# What you will do:
Only one stretch of the data below is wanted: the lines starting at the one with "case (Some i)" and ending at the one with "define ws where", both included, given again exactly.

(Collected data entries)

____

(* Let $L\in\mathbb{N}$, $\alpha>0$, and let $R_1,\dots,R_L$ be independent random variables where $R_\ell$ has PDF $$f_{R_\ell}(r)=\alpha\exp\Big(-\frac{r^\alpha}{\hat r_\ell^\alpha}\Big)\sum_{i=0}^\infty\frac{\varphi_{i,\ell}\,r^{\alpha(i+T_\ell)-1}}{\hat r_\ell^{\alpha(i+T_\ell)}\Gamma(i+T_\ell)},\qquad r\ge0,$$ with $T_\ell,\hat r_\ell>0$ and $\varphi_{i,\ell}\in\mathbb{R}$. Let $R=\sum_{\ell=1}^LR_\ell$. Define, for $i\ge0$, $$\lambda_{i,\ell}=\frac{\Gamma(\alpha(i+T_\ell))}{\hat r_\ell^{\alpha i}}\sum_{j=0}^i\frac{(-1)^{i-j}\varphi_{j,\ell}}{(i-j)!\,\Gamma(j+T_\ell)},$$ $\phi_{0,\ell}=\lambda_{1,\ell}/\lambda_{0,\ell}$, $\phi_{h,\ell}=\frac{1}{\lambda_{0,\ell}}\big[(h+1)\lambda_{h+1,\ell}-\sum_{t=1}^h\lambda_{t,\ell}\phi_{h-t,\ell}\big]$ for $h\ge1$, $\delta_0=\prod_{\ell=1}^L\lambda_{0,\ell}$ and $\delta_i=\frac1i\sum_{h=1}^i\delta_{i-h}\sum_{\ell=1}^L\phi_{h-1,\ell}$ for $i\ge1$. Then for $r\ge 0$ $$f_R(r)=\alpha^L\Big(\prod_{\ell=1}^L\hat r_\ell^{-\alpha T_\ell}\Big)\sum_{i=0}^\infty\frac{\delta_i\,r^{-1+\alpha i+\alpha\sum_{\ell}T_\ell}}{\Gamma(i\alpha+\alpha\sum_\ell T_\ell)},\qquad F_R(r)=\alpha^L\Big(\prod_{\ell=1}^L\hat r_\ell^{-\alpha T_\ell}\Big)\sum_{i=0}^\infty\frac{\delta_i\,r^{\alpha i+\alpha\sum_\ell T_\ell}}{\Gamma(1+i\alpha+\alpha\sum_\ell T_\ell)}.$$
   Context: $\Gamma$ is the gamma function; sums over $\ell$ run from $1$ to $L$. The given $f_{R_\ell}$ are assumed to be valid (absolutely convergent) probability densities; the $R_\ell$ need not be identically distributed. *)

theory Defs
  imports "HOL-Probability.Probability"
begin
lemma d_graph_min:
  assumes fV: "finite V" and two: "card V \<ge> 2"
  shows "\<exists>S. S \<noteq> {} \<and> S \<subset> V \<and> d_graph V E src tgt f = d_cut V E src tgt f S"
    and "S \<noteq> {} \<Longrightarrow> S \<subset> V \<Longrightarrow> d_graph V E src tgt f \<le> d_cut V E src tgt f S"
proof -
  define SS where "SS = {S. S \<noteq> {} \<and> S \<subset> V}"
  note SS = proper_subsets_finite_nonempty[OF fV two, folded SS_def]
  have dg: "d_graph V E src tgt f = Min (d_cut V E src tgt f ` SS)"
    unfolding d_graph_def SS_def ..
  have "d_graph V E src tgt f \<in> d_cut V E src tgt f ` SS"
    unfolding dg using SS by (intro Min_in) auto
  then show "\<exists>S. S \<noteq> {} \<and> S \<subset> V \<and> d_graph V E src tgt f = d_cut V E src tgt f S"
    unfolding SS_def by blast
  show "d_graph V E src tgt f \<le> d_cut V E src tgt f S" if "S \<noteq> {}" "S \<subset> V"
  proof -
    have "S \<in> SS" using that unfolding SS_def by simp
    then show ?thesis unfolding dg using SS(1) by (intro Min_le finite_imageI imageI)
  qed
qed

theorem lemma3:
  fixes V :: "'v set" and E :: "'e set" and src tgt :: "'e \<Rightarrow> 'v"
    and f :: "real \<Rightarrow> real" and v :: 'v and w0 :: "'e \<Rightarrow> int"
  assumes "multigraph V E src tgt" and "loopless E src tgt"
    and "connected_mg V E src tgt" and "card V \<ge> 2"
    and "admissible f"
    and "weight_function V E src tgt v w0"
  shows "(\<forall>\<phi>\<in>cut_space V E src tgt. \<exists>S. S \<noteq> {} \<and> S \<subset> V \<and>
            d_cut V E src tgt f S \<le> d_phi V E f w0 \<phi>)
       \<and> d_graph V E src tgt f \<in> d_phi V E f w0 ` cut_space V E src tgt
       \<and> (\<forall>\<phi>\<in>cut_space V E src tgt. d_graph V E src tgt f \<le> d_phi V E f w0 \<phi>)"
proof -
  note mg = assms(1) and two = assms(4) and f = assms(5) and wf = assms(6)
  have fV: "finite V" using mg unfolding multigraph_def by simp
  have below: "\<exists>S. S \<noteq> {} \<and> S \<subset> V \<and> d_cut V E src tgt f S \<le> d_phi V E f w0 \<phi>"
    if "\<phi> \<in> cut_space V E src tgt" for \<phi>
    using exists_cut_below[OF mg f wf two that] .
  obtain S1 where S1: "S1 \<noteq> {}" "S1 \<subset> V" "d_graph V E src tgt f = d_cut V E src tgt f S1"
    using d_graph_min(1)[OF fV two, where E = E and src = src and tgt = tgt and f = f] by blast
  have "d_graph V E src tgt f = d_phi V E f w0 (cut_vec E src tgt S1)"
    using S1 d_phi_cut_vec[OF mg f wf S1(1,2)] by simp
  moreover have "cut_vec E src tgt S1 \<in> cut_space V E src tgt"
    using S1(2) by (simp add: cut_space.gen psubset_imp_subset)
  ultimately have attained: "d_graph V E src tgt f \<in> d_phi V E f w0 ` cut_space V E src tgt"
    by (rule image_eqI)
  have lower: "d_graph V E src tgt f \<le> d_phi V E f w0 \<phi>" if \<phi>: "\<phi> \<in> cut_space V E src tgt" for \<phi>
  proof -
    obtain S where S: "S \<noteq> {}" "S \<subset> V" and le: "d_cut V E src tgt f S \<le> d_phi V E f w0 \<phi>"
      using below[OF \<phi>] by blast
    have "d_graph V E src tgt f \<le> d_cut V E src tgt f S" using S by (rule d_graph_min(2)[OF fV two])
    then show ?thesis using le by (rule order_trans)
  qed
  show ?thesis by (intro conjI ballI below attained lower)
qed

end
(* The normalizer of $\operatorname{PC}^{+}$ in $\operatorname{PC}^{\bowtie}$ is $\operatorname{PC}^{\pm}$.
   Context: $X=[0,1[$. $\widehat{\operatorname{PC}^{\bowtie}}$ is the group of bijections $X\to X$ continuous outside a finite subset; $\widehat{\operatorname{PC}^{+}}$ is the subgroup of those $h$ for which there is a finite partition of $X$ into intervals $[a,b[$ with $h$ continuous and increasing on each $]a,b[$. With ${\mathfrak S}_{\mathrm{fin}}$ the normal subgroup of finitely supported permutations, $\operatorname{PC}^{\bowtie}=\widehat{\operatorname{PC}^{\bowtie}}/{\mathfrak S}_{\mathrm{fin}}$ and $\operatorname{PC}^{+}=\widehat{\operatorname{PC}^{+}}/{\mathfrak S}_{\mathrm{fin}}$. Let $\mathcal R\in\operatorname{PC}^{\bowtie}$ be the class of any bijection of $X$ agreeing with $x\mapsto 1-x$ outside a finite set. Define $\operatorname{PC}^{-}=\mathcal R\cdot\operatorname{PC}^{+}$ and $\operatorname{PC}^{\pm}=\operatorname{PC}^{+}\cup\operatorname{PC}^{-}$ (a subgroup). *)

theory Defs
  imports "HOL-Analysis.Analysis"
begin

definition Xint :: "real set" where
  "Xint = {0..<1}"

text \<open>Hat PC-bowtie: bijections of X continuous (as maps X to X) outside a finite subset.
  Functions are real-valued functions; only their values on X matter.\<close>
definition PCbowtie_hat :: "(real \<Rightarrow> real) set" where
  "PCbowtie_hat = {f. bij_betw f Xint Xint \<and>
     (\<exists>F. finite F \<and> (\<forall>x \<in> Xint - F. continuous (at x within Xint) f))}"
lemma uniformly_continuous_near_compact:
  fixes g :: "'a::metric_space \<Rightarrow> 'b::metric_space"
  assumes cont: "continuous_on UNIV g" and C: "compact C" and e: "e > 0"
  shows "\<exists>d>0. \<forall>z\<in>C. \<forall>y. dist y z < d \<longrightarrow> dist (g y) (g z) < e"
proof -
  define \<G> where "\<G> = (\<lambda>c. {w. dist (g w) (g c) < e/2}) ` C"
  have "open G" if "G \<in> \<G>" for G
    using that cont unfolding \<G>_def
    by (auto intro!: open_Collect_less continuous_intros simp: continuous_on_eq_continuous_at)
  moreover have "C \<subseteq> \<Union>\<G>" using e by (auto simp: \<G>_def)
  ultimately obtain d where d: "0 < d" "\<And>x. x \<in> C \<Longrightarrow> \<exists>G \<in> \<G>. ball x d \<subseteq> G"
    using Heine_Borel_lemma[OF C] by metis
  have "dist (g y) (g z) < e" if z: "z \<in> C" and y: "dist y z < d" for z y
  proof -
    obtain c where "ball z d \<subseteq> {w. dist (g w) (g c) < e/2}" using d z unfolding \<G>_def by blast
    moreover have "z \<in> ball z d" "y \<in> ball z d" using d y by (auto simp: dist_commute)
    ultimately have "dist (g z) (g c) < e/2" "dist (g y) (g c) < e/2" by blast+
    then show ?thesis using dist_triangle_half_l by blast
  qed
  then show ?thesis using d by blast
qed

lemma abs_apply_bcontfun_le: "\<bar>apply_bcontfun (F::('a::topological_space, real) bcontfun) x\<bar> \<le> norm F"
  using norm_bounded[of F x] by simp

lemma bounded_linear_apply_bcontfun:
  "bounded_linear (\<lambda>F::('a::topological_space, real) bcontfun. apply_bcontfun F x)"
  by (rule bounded_linear_intro[where K=1]) (auto simp: norm_bounded[where 'b=real, simplified])

lemma continuous_on_apply_bcontfun_at:
  "continuous_on S K \<Longrightarrow>
   continuous_on S (\<lambda>s. apply_bcontfun (K s :: ('a::topological_space, real) bcontfun) x)"
  by (rule continuous_on_compose2[OF bounded_linear.continuous_on[OF bounded_linear_apply_bcontfun
        continuous_on_id]]) auto

lemma continuous_on_apply_bcontfun_pair:
  "continuous_on UNIV (\<lambda>p::('a::metric_space, real) bcontfun \<times> 'a. apply_bcontfun (fst p) (snd p))"
  unfolding continuous_on_iff
proof (intro ballI allI impI)
  fix p :: "('a, real) bcontfun \<times> 'a" and e :: real assume e: "e > 0"
  obtain F0 x0 where p: "p = (F0, x0)" by (cases p)
  obtain d where d: "d > 0" "\<And>x. dist x x0 < d \<Longrightarrow> dist (F0 x) (F0 x0) < e/2"
    using e continuous_on_apply_bcontfun[of UNIV F0] unfolding continuous_on_iff
    by (metis UNIV_I half_gt_zero)
  show "\<exists>d>0. \<forall>q\<in>UNIV. dist q p < d \<longrightarrow>
          dist (apply_bcontfun (fst q) (snd q)) (apply_bcontfun (fst p) (snd p)) < e"
  proof (intro exI[of _ "min d (e/2)"] conjI ballI impI)
    fix q :: "('a, real) bcontfun \<times> 'a" assume q: "dist q p < min d (e/2)"
    obtain F x where qq: "q = (F, x)" by (cases q)
    have "dist F F0 \<le> dist q p" "dist x x0 \<le> dist q p" using p qq
      by (auto simp: dist_Pair_Pair intro: real_sqrt_sum_squares_ge1 real_sqrt_sum_squares_ge2)
    then have "dist F F0 < e/2" "dist x x0 < d" using q by auto
    then have "dist (F x) (F0 x) < e/2" "dist (F0 x) (F0 x0) < e/2"
      using dist_bounded[of F x F0] d(2) by auto
    then show "dist (apply_bcontfun (fst q) (snd q)) (apply_bcontfun (fst p) (snd p)) < e"
      using p qq dist_triangle_half_r[of "F0 x"] by (simp add: dist_commute)
  qed (use d e in auto)
qed

lemma continuous_on_kernel_pair:
  assumes "continuous_on UNIV (K :: real \<Rightarrow> ('a::metric_space, real) bcontfun)"
  shows "continuous_on UNIV (\<lambda>p::real \<times> 'a. apply_bcontfun (K (fst p)) (snd p))"
proof -
  have "continuous_on UNIV (\<lambda>p::real \<times> 'a. (K (fst p), snd p))"
    by (intro continuous_intros continuous_on_compose2[OF assms]) auto
  then show ?thesis
    using continuous_on_compose2[OF continuous_on_apply_bcontfun_pair] by fastforce
qed

lemma continuous_on_kernel_diagonal:
  assumes "continuous_on UNIV (K :: real \<Rightarrow> ('a::metric_space, real) bcontfun)"
    and "continuous_on UNIV \<tau>"
  shows "continuous_on UNIV (\<lambda>x. apply_bcontfun (K (\<tau> x)) x)"
proof -
  have "continuous_on UNIV (\<lambda>x. (\<tau> x, x))" by (intro continuous_intros assms(2))
  then show ?thesis
    using continuous_on_compose2[OF continuous_on_kernel_pair[OF assms(1)]] by fastforce
qed
lemma scaleR_eq_if_sigma_hat_eq:
  fixes \<sigma> :: "real^'m::finite \<Rightarrow> real^('m option)"
  assumes "\<sigma> t $ None \<noteq> 0" "y $ None \<noteq> 0" "(\<chi> i. y $ Some i / y $ None) = sigma_hat \<sigma> t"
  shows "y = (y $ None / \<sigma> t $ None) *\<^sub>R \<sigma> t"
proof (subst vec_eq_iff, rule allI)
  fix j :: "'m option"
  show "y $ j = ((y $ None / \<sigma> t $ None) *\<^sub>R \<sigma> t) $ j"
  proof (cases j)
    case (Some i)
    have "y $ Some i / y $ None = \<sigma> t $ Some i / \<sigma> t $ None"
      using assms(3) unfolding sigma_hat_def vec_eq_iff by auto
    thus ?thesis using Some assms(1,2) by (simp add: field_simps)
  qed (use assms(1) in simp)
qed

lemma inner_point_condition_open_cone:
  fixes \<sigma> :: "real^'m::finite \<Rightarrow> real^('m option)"
  assumes "inner_point_condition \<sigma> U" "\<forall>t\<in>U. \<sigma> t $ None \<noteq> 0"
  obtains C y0 where "open C" "y0 \<in> C" "\<forall>y\<in>C. \<exists>c z. c \<noteq> 0 \<and> z \<in> \<sigma> ` U \<and> y = c *\<^sub>R z"
proof -
  obtain t0 where "t0 \<in> U" and t0: "sigma_hat \<sigma> t0 \<in> interior (sigma_hat \<sigma> ` U)"
    using assms(1) unfolding inner_point_condition_def by blast
  define g where "g y = (\<chi> i. y $ Some i / y $ None)" for y :: "real^('m option)"
  define C where "C = {y. y $ None > 0} \<inter> g -` interior (sigma_hat \<sigma> ` U)"
  have "open C" unfolding C_def
  proof (rule continuous_open_preimage)
    show "continuous_on {y. y $ None > 0} g" unfolding g_def
      by (intro continuous_on_vec_lambda continuous_intros) auto
    show "open {y :: real^('m option). y $ None > 0}"
      by (rule open_Collect_less) (intro continuous_intros)+
  qed simp
  moreover have "(\<chi> j. case j of None \<Rightarrow> 1 | Some i \<Rightarrow> sigma_hat \<sigma> t0 $ i) \<in> C"
    unfolding C_def g_def using t0 by (simp add: vec_eq_iff)
  moreover have "\<exists>c z. c \<noteq> 0 \<and> z \<in> \<sigma> ` U \<and> y = c *\<^sub>R z" if "y \<in> C" for y
  proof -
    obtain t where "t \<in> U" "g y = sigma_hat \<sigma> t"
      using \<open>y \<in> C\<close> interior_subset unfolding C_def by blast
    thus ?thesis
      using scaleR_eq_if_sigma_hat_eq[of \<sigma> t y] assms(2) \<open>y \<in> C\<close> unfolding C_def g_def
      by (intro exI[of _ "y $ None / \<sigma> t $ None"] exI[of _ "\<sigma> t"]) auto
  qed
  ultimately show ?thesis using that by blast
qed
lemma col_in_span_pivot_cols:
  assumes j: "j < n"
  shows "col M j \<in> LinearCombinations.module.span class_ring (module_vec TYPE('a) m)
    ((\<lambda>b. col M (g b)) ` {..<s})"
proof -
  define ws where "ws = map (\<lambda>b. col M (g b)) [0..<s]"
  have ws: "set ws \<subseteq> carrier_vec m" and set_ws: "set ws = (\<lambda>b. col M (g b)) ` {..<s}"
    unfolding ws_def using carrier by auto
  show ?thesis
  proof (cases "j \<in> g ` {..<s}")
    case True
    then have "col M j \<in> set ws" unfolding set_ws by auto
    then show ?thesis
      unfolding set_ws[symmetric]
      by (rule vectorspace.span_mem[OF vec_vs, rotated]) (use ws in \<open>simp add: module_vec_simps\<close>)
  next
    case False
    then have free: "j \<in> free_cols" using j unfolding free_cols_def by auto
    define c where "c b = - (kernel_vec j $ g b) / \<delta>" for b
    have "col M j = mat_of_cols m ws *\<^sub>v vec (length ws) c"
    proof (rule eq_vecI)
      fix i assume "i < dim_vec (mat_of_cols m ws *\<^sub>v vec (length ws) c)"
      then have i: "i < m" by simp
      have "0 = (M *\<^sub>v kernel_vec j) $ i" using mult_kernel_vec[OF j] i by simp
      also have "\<dots> = (\<Sum>c<n. M $$ (i, c) * kernel_vec j $ c)"
        by (rule mult_mat_vec_index[OF kernel_vec_carrier i])
      also have "\<dots> = M $$ (i, j) * \<delta> + (\<Sum>b<s. M $$ (i, g b) * kernel_vec j $ g b)"
        using kernel_vec_other_free_col[OF j] kernel_vec_free_col[OF free] j False
        by (subst sum_lessThan_supported_on_insert_image[OF inj_on_pivots(1) pivot_cols_subset])
          (auto simp: free_cols_def)
      finally have "M $$ (i, j) * \<delta> = - (\<Sum>b<s. M $$ (i, g b) * kernel_vec j $ g b)"
        by (simp add: eq_neg_iff_add_eq_0 add.commute)
      then have "M $$ (i, j) = - (\<Sum>b<s. M $$ (i, g b) * kernel_vec j $ g b) / \<delta>"
        using minor_nonzero by (simp add: field_simps)
      also have "\<dots> = (\<Sum>b<s. M $$ (i, g b) * c b)"
        unfolding c_def by (simp add: sum_divide_distrib sum_negf)
      also have "\<dots> = (mat_of_cols m ws *\<^sub>v vec (length ws) c) $ i"
        using mat_of_cols_mult_index[of ws m i c] ws i carrier cols_bound unfolding ws_def by auto
      finally show "col M j $ i = (mat_of_cols m ws *\<^sub>v vec (length ws) c) $ i"
        using i j carrier by simp
    qed (use carrier in simp)
    then show ?thesis using vec_space.mat_of_cols_mult_in_span[OF ws] set_ws by simp
  qed
qed

lemma rank_eq: "vec_space.rank m M = s"
proof (rule antisym)
  have "vec_space.rank m M \<le> card ((\<lambda>b. col M (g b)) ` {..<s})"
    using col_in_span_pivot_cols carrier
    by (intro vec_space.rank_le_card_spanning[OF carrier]) (auto simp: cols_def)
  also have "\<dots> \<le> s" using card_image_le[of "{..<s}"] by simp
  finally show "vec_space.rank m M \<le> s" .
  show "s \<le> vec_space.rank m M"
    by (rule vec_space.minor_le_rank[OF carrier rows_bound cols_bound minor_nonzero])
qed

lemma inj_on_kernel_vec: "inj_on kernel_vec free_cols"
proof
  fix j1 j2 assume j: "j1 \<in> free_cols" "j2 \<in> free_cols" "kernel_vec j1 = kernel_vec j2"
  show "j1 = j2"
  proof (rule ccontr)
    assume "j1 \<noteq> j2"
    then have "kernel_vec j2 $ j1 = 0"
      using j kernel_vec_other_free_col unfolding free_cols_def by blast
    then show False using j(3) kernel_vec_free_col[OF j(1)] minor_nonzero by simp
  qed
qed
theorem mainTheorem6:
  fixes n :: nat and I :: "real set" and Pt :: "real \<Rightarrow> nat \<Rightarrow> real" and \<epsilon> :: real
  assumes "n \<ge> 2"
    and "is_interval I" and "I \<subseteq> {0..}" and "interior I \<noteq> {}"
    and "gen_n_system n I Pt"
    and "\<epsilon> > 0"
  shows "\<exists>P. n_system n I P \<and> (\<forall>q\<in>I. \<forall>j\<in>{1..n}. \<bar>Pt q j - P q j\<bar> \<le> \<epsilon>)"
proof -
  interpret generalized_system n I Pt \<epsilon>
    using assms by unfold_locales auto
  show ?thesis
  proof (intro exI[of _ approx] conjI ballI)
    show "n_system n I approx"
      using n_system_if_locally_unit_slopes[OF assms(2) approx_sys_cond1] locally_unit_slopes_approx
      by blast
    show "\<bar>Pt q j - approx q j\<bar> \<le> \<epsilon>" if "q \<in> I" "j \<in> {1..n}" for q j
      using approx_close that by blast
  qed
qed

end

____

# Output below:
    case (Some i)
    have "y $ Some i / y $ None = \<sigma> t $ Some i / \<sigma> t $ None"
      using assms(3) unfolding sigma_hat_def vec_eq_iff by auto
    thus ?thesis using Some assms(1,2) by (simp add: field_simps)
  qed (use assms(1) in simp)
qed

lemma inner_point_condition_open_cone:
  fixes \<sigma> :: "real^'m::finite \<Rightarrow> real^('m option)"
  assumes "inner_point_condition \<sigma> U" "\<forall>t\<in>U. \<sigma> t $ None \<noteq> 0"
  obtains C y0 where "open C" "y0 \<in> C" "\<forall>y\<in>C. \<exists>c z. c \<noteq> 0 \<and> z \<in> \<sigma> ` U \<and> y = c *\<^sub>R z"
proof -
  obtain t0 where "t0 \<in> U" and t0: "sigma_hat \<sigma> t0 \<in> interior (sigma_hat \<sigma> ` U)"
    using assms(1) unfolding inner_point_condition_def by blast
  define g where "g y = (\<chi> i. y $ Some i / y $ None)" for y :: "real^('m option)"
  define C where "C = {y. y $ None > 0} \<inter> g -` interior (sigma_hat \<sigma> ` U)"
  have "open C" unfolding C_def
  proof (rule continuous_open_preimage)
    show "continuous_on {y. y $ None > 0} g" unfolding g_def
      by (intro continuous_on_vec_lambda continuous_intros) auto
    show "open {y :: real^('m option). y $ None > 0}"
      by (rule open_Collect_less) (intro continuous_intros)+
  qed simp
  moreover have "(\<chi> j. case j of None \<Rightarrow> 1 | Some i \<Rightarrow> sigma_hat \<sigma> t0 $ i) \<in> C"
    unfolding C_def g_def using t0 by (simp add: vec_eq_iff)
  moreover have "\<exists>c z. c \<noteq> 0 \<and> z \<in> \<sigma> ` U \<and> y = c *\<^sub>R z" if "y \<in> C" for y
  proof -
    obtain t where "t \<in> U" "g y = sigma_hat \<sigma> t"
      using \<open>y \<in> C\<close> interior_subset unfolding C_def by blast
    thus ?thesis
      using scaleR_eq_if_sigma_hat_eq[of \<sigma> t y] assms(2) \<open>y \<in> C\<close> unfolding C_def g_def
      by (intro exI[of _ "y $ None / \<sigma> t $ None"] exI[of _ "\<sigma> t"]) auto
  qed
  ultimately show ?thesis using that by blast
qed
lemma col_in_span_pivot_cols:
  assumes j: "j < n"
  shows "col M j \<in> LinearCombinations.module.span class_ring (module_vec TYPE('a) m)
    ((\<lambda>b. col M (g b)) ` {..<s})"
proof -
  define ws where "ws = map (\<lambda>b. col M (g b)) [0..<s]"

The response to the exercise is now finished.